◆ **Your assignment**: After locating the line with "protocol U(K), neighbours" in the records below, print it and every line after it exactly.

(Saved data entries)
....

text \<open>Trajectories are indexed by time first, then agent:
  x t i = x_i(t), xh t j = hat x_j(t), uh t j = hat u_j(t), s t j = s_j(t),
  su t j = s_{u,j}(t), xd t i j = hat x_{ji}(t) (decoder of j's signal at i),
  ud t i j = hat u_{ji}(t), u t i = u_i(t).\<close>
definition closed_loop ::
  "real^'n^'n \<Rightarrow> real^'m^'n \<Rightarrow> real^'n^'p \<Rightarrow> ('N \<Rightarrow> 'N \<Rightarrow> real) \<Rightarrow>
   real \<Rightarrow> real \<Rightarrow> real \<Rightarrow> nat \<Rightarrow> nat \<Rightarrow> real^'p^'n \<Rightarrow> real^'n^'m \<Rightarrow>
   (nat \<Rightarrow> 'N \<Rightarrow> real^'n) \<Rightarrow> (nat \<Rightarrow> 'N \<Rightarrow> real^'n) \<Rightarrow> (nat \<Rightarrow> 'N \<Rightarrow> real^'m) \<Rightarrow>
   (nat \<Rightarrow> 'N \<Rightarrow> real^'p) \<Rightarrow> (nat \<Rightarrow> 'N \<Rightarrow> real^'m) \<Rightarrow>
   (nat \<Rightarrow> 'N \<Rightarrow> 'N \<Rightarrow> real^'n) \<Rightarrow> (nat \<Rightarrow> 'N \<Rightarrow> 'N \<Rightarrow> real^'m) \<Rightarrow>
   (nat \<Rightarrow> 'N \<Rightarrow> real^'m) \<Rightarrow> bool" where
  "closed_loop A B C a \<gamma> \<alpha> \<alpha>u L Lu G K x xh uh s su xd ud u \<longleftrightarrow>
     \<comment> \<open>agent dynamics\<close>
     (\<forall>t i. x (Suc t) i = A *v x t i + B *v u t i) \<and>
     \<comment> \<open>encoder of agent j, t >= 1 (written with t+1)\<close>
     (\<forall>t j. s (Suc t) j = vquant \<alpha> L ((1 / \<gamma> ^ t) *\<^sub>R (C *v x t j - C *v xh t j))) \<and>
     (\<forall>t j. xh (Suc t) j = A *v xh t j + (\<gamma> ^ t) *\<^sub>R (G *v s (Suc t) j) + B *v uh t j) \<and>
     (\<forall>t j. su (Suc t) j = vquant \<alpha>u Lu ((1 / \<gamma> ^ t) *\<^sub>R (u (Suc t) j - uh t j))) \<and>
     (\<forall>t j. uh (Suc t) j = uh t j + (\<gamma> ^ t) *\<^sub>R su (Suc t) j) \<and>
     \<comment> \<open>decoder at receiver i of the symbols sent by j\<close>
     (\<forall>i j. xd 0 i j = xh 0 j \<and> ud 0 i j = uh 0 j) \<and>
     (\<forall>t i j. xd (Suc t) i j = A *v xd t i j + (\<gamma> ^ t) *\<^sub>R (G *v s (Suc t) j) + B *v ud t i j) \<and>
     (\<forall>t i j. ud (Suc t) i j = ud t i j + (\<gamma> ^ t) *\<^sub>R su (Suc t) j) \<and>
     \<comment> \<open>control protocol U(K), neighbours N_i = {j. a i j > 0}\<close>
     (\<forall>t i. u t i = K *v (\<Sum>j\<in>{j. a i j > 0}. a i j *\<^sub>R (xd t i j - xh t i)))"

....

◆ **Task answer**:
     \<comment> \<open>control protocol U(K), neighbours N_i = {j. a i j > 0}\<close>
     (\<forall>t i. u t i = K *v (\<Sum>j\<in>{j. a i j > 0}. a i j *\<^sub>R (xd t i j - xh t i)))"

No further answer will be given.